As the immune environment changes, the pro-inflammatory molecules in the internal environment begin to express, inducing the infiltration of inflammatory cells, and triggering the inflammatory cascade. The TNF-α–IL-23–TH17 pathway plays a central regulatory role in this process. During the inflammatory cascade, TNF-α and IL-23 secreted by immune cells promote the maturation and differentiation of Th17 cells and secrete large amounts of IL-17. IL-17 is the central effector molecule of psoriasis [35], with the IL-17A exhibiting the strongest pro-inflammatory effect. A trimeric receptor complex formed by two IL-17RA subunits and one IL-17RC subunit could induce the recruitment of ACT1 adaptor protein and activate a large number of intracellular kinases, including extracellular signal-regulated kinase (ERK), p38 MAPK, TGF-β activated kinase 1(TAK1), and I-κB kinase (IKK) [36,37]. The abnormal activation of kinases will significantly activate transcription factors and chemokines such as NF-κB and AP-1, provoking a cytokine storm [38]. In addition to the regulatory mechanism of the TNF-α–IL-23–Th17 pathway, Th17 cells can also activate the STAT1 signaling pathway by secreting IL-26 and IL-29, and evoke a feedforward inflammatory response along with NF-κB to maintain the level of inflammation in the internal environment [38,39]. During the inflammatory cascade, the inflammatory signal was magnified successively, finally provoking a cytokine storm and recruiting many inflammatory cell infiltration to build a highly inflammatory extracellular environment and facilitate the abnormal proliferation and differentiation through breaking the oxidative stress balance.

The imbalance of oxidative stress homeostasis

During the immune and inflammatory stages, neutrophils in the blood proliferate massively and undergo oxidative burst by secreting large amounts of ROS under the stimulation of TNF-α [40]. ROS acts directly on keratinocytes and fibroblasts and causes a rapid decline in intracellular Ca2+ concentration, which could shift the state of cells from promoting differentiation to rapid proliferation [41,42]. It has been reported that increased ROS could increase mTOR secretion, thus directly activate NF-κB and stimulate the release of inflammatory cytokines[43]. With the accumulation of intracellular ROS, the intracellular antioxidant system was activated but insufficient to counterweigh the high levels of inflammation and oxidation in psoriasis. 0Instead, it increases secretion of K6, K16 and K17, promotes proliferation and inhibits apoptosis of keratinocytes, playing a protective role in hyperproliferative keratinocytes [44,45]. However, it is noteworthy that ROS functions more as a tandem role in the pathogenesis of psoriasis, which is initiated by abnormal immune environment and initiates the proliferation of keratinocytes through the metabolic.

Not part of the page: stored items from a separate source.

text \<open>Padding the coordinates outside u with a constant c gives upper bounds for g_u which,
  f being monotone, decrease to g_u as c \<rightarrow> 0; so up to \<epsilon> the event {g_u \<le> \<alpha>} is
  contained in {f(P_u, c, \<dots>, c) < \<alpha>'} for a fixed small c.  The probability of the latter
  only depends on the law of P_u, hence does not change if the parameter is altered outside u.
  By the strong alternatives assumption we may alter it there so that P_j \<le> c for all j \<notin> u
  with probability close to 1; on that event f(P) \<le> f(P_u, c, \<dots>, c), and f is valid because
  at most |-u| = r - 1 of the nulls are false.\<close>

definition padded_pval :: "nat set \<Rightarrow> nat set \<Rightarrow> ((nat \<Rightarrow> real) \<Rightarrow> real) \<Rightarrow> real \<Rightarrow> (nat \<Rightarrow> real) \<Rightarrow> real"
  where "padded_pval I u f c p = f (\<lambda>i\<in>I. if i \<in> u then p i else c)"

lemma restrict_if_in_PiE:
  assumes "\<forall>i\<in>u. p i \<in> A" and "\<forall>j\<in>I - u. q j \<in> A"
  shows "(\<lambda>i\<in>I. if i \<in> u then p i else q i) \<in> PiE I (\<lambda>_. A)"
  using assms by (auto simp: PiE_iff)

lemma monotone_pvalD:
  assumes "monotone_pval I f" "x \<in> PiE I (\<lambda>_. {0..1})" "y \<in> PiE I (\<lambda>_. {0..1})"
    and "\<forall>i\<in>I. x i \<le> y i"
  shows "f x \<le> f y"
  using assms unfolding monotone_pval_def by blast

lemma padded_pval_mono:
  assumes "monotone_pval I f" and "c \<in> {0..1}" "c' \<in> {0..1}" "c \<le> c'"
    and "\<forall>i\<in>u. x i \<in> {0..1}" "\<forall>i\<in>u. y i \<in> {0..1}" "\<forall>i\<in>u. x i \<le> y i"
  shows "padded_pval I u f c x \<le> padded_pval I u f c' y"
  unfolding padded_pval_def
  by (rule monotone_pvalD[OF assms(1)]) (use assms in \<open>auto intro!: restrict_if_in_PiE\<close>)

Abnormal proliferation and differentiation of keratinocytes

Previous studies have shown that keratinocytes participate in the initial stage of a series of complex immune responses in psoriasis and act as the end effector cells that respond to the immune reactions, undergoing hyperproliferation and abnormal differentiation. After damage, the keratinocytes play the role of self-protection by releasing AMPs. However, in addition to the anti-infective effect of AMPs, they also activate the innate immunity, releasing large amounts of IL-17, IL-26, IL-29 and TNF-α to amplify the inflammatory reaction. In turn, the excessively released inflammatory factors act directly on keratinocytes, activate CXCL9/10/11 through the STAT1 pathway, and induce the Th1 cells to migrate into the epidermis [38,46].

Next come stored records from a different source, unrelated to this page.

lemma smooth_grad_descent:
  fixes F :: "'a::euclidean_space \<Rightarrow> real"
  assumes deriv: "\<And>x. (F has_derivative (\<lambda>h. inner (G x) h)) (at x)" and smooth: "smooth_grad L G"
  shows "F y - F x - inner (G x) (y - x) \<le> L/2 * (norm (y - x))\<^sup>2"
proof -
  define d where "d = y - x"
  define h where "h s = F (x + s *\<^sub>R d) - s * inner (G x) d - L/2 * s\<^sup>2 * (norm d)\<^sup>2" for s
  have F_line: "((\<lambda>s. F (x + s *\<^sub>R d)) has_real_derivative inner (G (x + s *\<^sub>R d)) d) (at s)" for s
  proof -
    have "((\<lambda>s. x + s *\<^sub>R d) has_derivative (\<lambda>u. u *\<^sub>R d)) (at s)"
      by (auto intro!: derivative_eq_intros)
    from has_derivative_compose[OF this deriv] show ?thesis
      by (simp add: has_field_derivative_def mult_commute_abs)
  qed
  have h_deriv: "(h has_real_derivative
      inner (G (x + s *\<^sub>R d) - G x) d - L * s * (norm d)\<^sup>2) (at s)" for s
    unfolding h_def inner_diff_left by (rule derivative_eq_intros F_line | simp)+
  have h_deriv_nonpos: "inner (G (x + s *\<^sub>R d) - G x) d - L * s * (norm d)\<^sup>2 \<le> 0" if "0 \<le> s" for s
  proof -
    have "inner (G (x + s *\<^sub>R d) - G x) d \<le> norm (G (x + s *\<^sub>R d) - G x) * norm d"
      by (rule norm_cauchy_schwarz)
    also have "\<dots> \<le> L * norm (s *\<^sub>R d) * norm d"
      using smooth unfolding smooth_grad_def by (metis add_diff_cancel_left' mult_right_mono norm_ge_zero)
    also have "\<dots> = L * s * (norm d)\<^sup>2"
      using that by (simp add: power2_eq_square)
    finally show ?thesis by simp
  qed
  have "h 1 \<le> h 0"
  proof (rule DERIV_nonpos_imp_nonincreasing[of 0 1 h])
    fix s :: real
    assume "0 \<le> s" "s \<le> 1"
    with h_deriv h_deriv_nonpos show "\<exists>D. (h has_real_derivative D) (at s) \<and> D \<le> 0"
      by blast
  qed simp
  then show ?thesis unfolding h_def d_def by simp
qed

In addition, keratinocytes can directly induce the activation of CCL20 and CXCL1/2/3/5/8 after the release of AMPs and promote the infiltration of immune cells such as neutrophils, macrophages and dendritic cells, facilitate the formation of Munro’s microabscess, and further promote the proliferation of keratinocytes to thicken the epidermis [38,47,48]. The existence of extensive parakeratotic cells in the stratum corneum enables sustained activation of the downstream regulatory mechanism of epidermal growth factor receptor (EGFR), leading to further proliferation and abnormal differentiation of keratinocytes [49]. With the increasing expression of EGFR, its ligand TGF-α is also overexpressed [50]. The specific combination of TGF-α with EGFR could amplify the signal sensitivity of TNF-α and IFN-γ to keratinocytes and aggravate the inflammatory reaction [51]. Meanwhile, sustained stimulation of high intensity by TNF-α will reversely activate through the NF-κB pathway[ 52], forming a loop regulation.

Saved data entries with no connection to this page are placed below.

(* Under the standing setup below, let $\boldsymbol\beta,\boldsymbol\nu\in(0,\infty)^N$. Then any globally optimal solution $(\mathbf p^\#,\mathbf B^\#)$ of Problem $\mathbb P_3(\boldsymbol\beta,\boldsymbol\nu)$ can be given by $$B_n^\#=\mathcal B_n(\lambda^\#),\qquad p_n^\#=\frac{\sigma_n^2 B_n^\#\,\psi_n(\lambda^\#)}{g_n}\qquad(n\in\mathcal N),$$ where $\lambda^\#>0$ is a solution of $\sum_{n\in\mathcal N}\mathcal B_n(\lambda)=B_{total}$, and for $\lambda\ge 0$: $$\psi_n(\lambda)=\exp\Big\{1+W\Big(\tfrac1e\big(\tfrac{g_n\lambda}{\nu_n\beta_n\sigma_n^2}-1\big)\Big)\Big\}-1,\qquad \mathcal B_n(\lambda)=\frac{\max\{\gamma_n(\lambda),\,r_n^{\min}\}}{\log_2(1+\psi_n(\lambda))},$$ $$\gamma_n(\lambda)=\begin{cases} r_{n,e}+\xi, & \text{if there is } \xi\ge0 \text{ with } f_n'(\xi)=\dfrac{\beta_n\sigma_n^2(1+\psi_n(\lambda))\ln 2}{c_n g_n},\\ r_{n,e}, & \text{otherwise.}\end{cases}$$
   Context: Standing setup: $N\ge1$ users, $\mathcal N=\{1,\dots,N\}$, total bandwidth $B_{total}>0$. For each $n$: constants $g_n>0$, $\sigma_n^2>0$, $p_n^{cir}>0$, weight $c_n>0$, $r_{n,e}\ge 0$, $r_n^{\min}>0$ with $r_n^{\min}\ge r_{n,e}$. Rate $r_n(p,B)=B\log_2\!\big(1+\frac{g_n p}{\sigma_n^2 B}\big)$ ($p\ge0$, $B>0$), secrecy rate $r_{n,s}(p,B)=r_n(p,B)-r_{n,e}$. Utility $f_n:(0,\infty)\to\mathbb R$ is twice differentiable with $f_n'>0$, $f_n''\le 0$ on $(0,\infty)$; $f_n(0)$, $f_n'(0)$ are defined as the corresponding limits at $0^+$ when finite. $F_n(p,B)=c_n f_n(r_{n,s}(p,B))$. Problem $\mathbb P_3(\boldsymbol\beta,\boldsymbol\nu)$: maximize $\sum_n \nu_n\big(F_n(p_n,B_n)-\beta_n(p_n+p_n^{cir})\big)$ over $(\mathbf p,\mathbf B)$ with $p_n\ge0,B_n>0$ subject to $\sum_n B_n\le B_{total}$ and $r_n(p_n,B_n)\ge r_n^{\min}$ for all $n$. $W$ denotes the principal branch of the Lambert $W$ function: for $z\ge -e^{-1}$, $W(z)$ is the solution $x\ge-1$ of $xe^x=z$. *)

theory Defs
  imports "HOL-Analysis.Analysis"
begin

text \<open>Principal branch of Lambert W: for z \<ge> -1/e, the solution x \<ge> -1 of x e^x = z.\<close>
definition LambertW :: "real \<Rightarrow> real" where
  "LambertW z = (THE x. x \<ge> -1 \<and> x * exp x = z)"

definition rate :: "real \<Rightarrow> real \<Rightarrow> real \<Rightarrow> real \<Rightarrow> real" where
  "rate g s2 p B = B * log 2 (1 + g * p / (s2 * B))"

definition uval :: "(real \<Rightarrow> real) \<Rightarrow> real \<Rightarrow> real" where
  "uval f x = (if x > 0 then f x else Lim (at_right 0) f)"

definition P3_feasible ::
  "nat \<Rightarrow> real \<Rightarrow> (nat \<Rightarrow> real) \<Rightarrow> (nat \<Rightarrow> real) \<Rightarrow> (nat \<Rightarrow> real)
   \<Rightarrow> (nat \<Rightarrow> real) \<Rightarrow> (nat \<Rightarrow> real) \<Rightarrow> bool" where
  "P3_feasible N Btot g s2 rmin p B \<longleftrightarrow>
     (\<forall>n\<in>{1..N}. p n \<ge> 0 \<and> B n > 0 \<and> rate (g n) (s2 n) (p n) (B n) \<ge> rmin n) \<and>
     (\<Sum>n\<in>{1..N}. B n) \<le> Btot"

text \<open>Feasible points at which the objective is a finite real number
  (the utility at secrecy rate 0 is the limit at 0+, required to be finite).\<close>
definition P3_admissible ::
  "nat \<Rightarrow> real \<Rightarrow> (nat \<Rightarrow> real) \<Rightarrow> (nat \<Rightarrow> real) \<Rightarrow> (nat \<Rightarrow> real) \<Rightarrow> (nat \<Rightarrow> real)
   \<Rightarrow> (nat \<Rightarrow> real \<Rightarrow> real) \<Rightarrow> (nat \<Rightarrow> real) \<Rightarrow> (nat \<Rightarrow> real) \<Rightarrow> bool" where
  "P3_admissible N Btot g s2 re rmin f p B \<longleftrightarrow>
     P3_feasible N Btot g s2 rmin p B \<and>
     (\<forall>n\<in>{1..N}. rate (g n) (s2 n) (p n) (B n) - re n > 0 \<or>
                  (\<exists>L. (f n \<longlongrightarrow> L) (at_right 0)))"

definition P3_obj ::
  "nat \<Rightarrow> (nat \<Rightarrow> real) \<Rightarrow> (nat \<Rightarrow> real) \<Rightarrow> (nat \<Rightarrow> real) \<Rightarrow> (nat \<Rightarrow> real) \<Rightarrow> (nat \<Rightarrow> real)
   \<Rightarrow> (nat \<Rightarrow> real \<Rightarrow> real) \<Rightarrow> (nat \<Rightarrow> real) \<Rightarrow> (nat \<Rightarrow> real)
   \<Rightarrow> (nat \<Rightarrow> real) \<Rightarrow> (nat \<Rightarrow> real) \<Rightarrow> real" where
  "P3_obj N g s2 pcir c re f \<beta> \<nu> p B =
     (\<Sum>n\<in>{1..N}. \<nu> n * (c n * uval (f n) (rate (g n) (s2 n) (p n) (B n) - re n)
                          - \<beta> n * (p n + pcir n)))"

definition P3_global_opt ::
  "nat \<Rightarrow> real \<Rightarrow> (nat \<Rightarrow> real) \<Rightarrow> (nat \<Rightarrow> real) \<Rightarrow> (nat \<Rightarrow> real) \<Rightarrow> (nat \<Rightarrow> real)
   \<Rightarrow> (nat \<Rightarrow> real) \<Rightarrow> (nat \<Rightarrow> real) \<Rightarrow> (nat \<Rightarrow> real \<Rightarrow> real) \<Rightarrow> (nat \<Rightarrow> real) \<Rightarrow> (nat \<Rightarrow> real)
   \<Rightarrow> (nat \<Rightarrow> real) \<Rightarrow> (nat \<Rightarrow> real) \<Rightarrow> bool" where
  "P3_global_opt N Btot g s2 pcir c re rmin f \<beta> \<nu> p B \<longleftrightarrow>
     P3_admissible N Btot g s2 re rmin f p B \<and>
     (\<forall>p' B'. P3_admissible N Btot g s2 re rmin f p' B' \<longrightarrow>
        P3_obj N g s2 pcir c re f \<beta> \<nu> p' B' \<le> P3_obj N g s2 pcir c re f \<beta> \<nu> p B)"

In addition, the sustained high level of EGFR also participates in angiogenesis via stimulating the expression of decoy receptor 3(DcR3/TR6) [53]. After NF-κB being abundantly expressed in keratinocytes, the expression of its downstream proteins, including NLRP3, Pro-IL-1β and Pro-IL-18 will also be accelerated. The precursors of the above proteins will be modified and activated by the activated caspase-1, not only hasten the proliferation of adjacent keratinocytes by activating pyroptosis and releasing large amounts of inflammatory factors, but also increase the polarity of T cells, induce their differentiation into Th17, and compel the keratinocytes into the vicious circle of immunity-inflammation-oxidation-proliferation-immunity, accelerating the progression of psoriasis[54-56].

It is widely known that the immune factor is undoubtedly a dominant factor in the pathogenesis of psoriasis. The inappropriate response to the immune system induces the inflammatory reaction, and the stepwise amplification of the signal leads to a cytokine storm, which stimulates the imbalance of oxidative stress homeostasis and aggravates the inflammatory response. The reinforced inflammatory reaction then acts on keratinocytes and dendritic cells, forming a closed-loop regulation. Keratinocytes play an essential role in this loop. They are the end effector cells of psoriasis undergoing hyperproliferation and abnormal differentiation under various inflammatory factors. The beginning of the loop regulation provokes the acquired immune pathway by releasing a series of antibacterial peptides LL37 after keratinocytes damage. We speculate that this might be the underlying cause of Koebner’s phenomenon in psoriasis. Therefore, the regulation mechanism of psoriasis is not a simple process of signal amplification step by step, but a complex “Mobius Ring” regulation process of immunity-inflammation-oxidation-proliferation-immunity by AMPs. Blocking the progress of this vicious circle has been considered the ideal treatment for various molecular drugs, biological agents, prescriptions and monomers from Chinese medicine. Unfortunately, no immune-inflammatory reaction could occur independently of the whole immune regulatory system, and excessive inhibition of any target on the pathway will interfere with other normal systems. For example, the application of biological agents specifically targeting IL-17 will also affect the intestinal inflammatory environment and cause the destruction of the intestinal barrier [57].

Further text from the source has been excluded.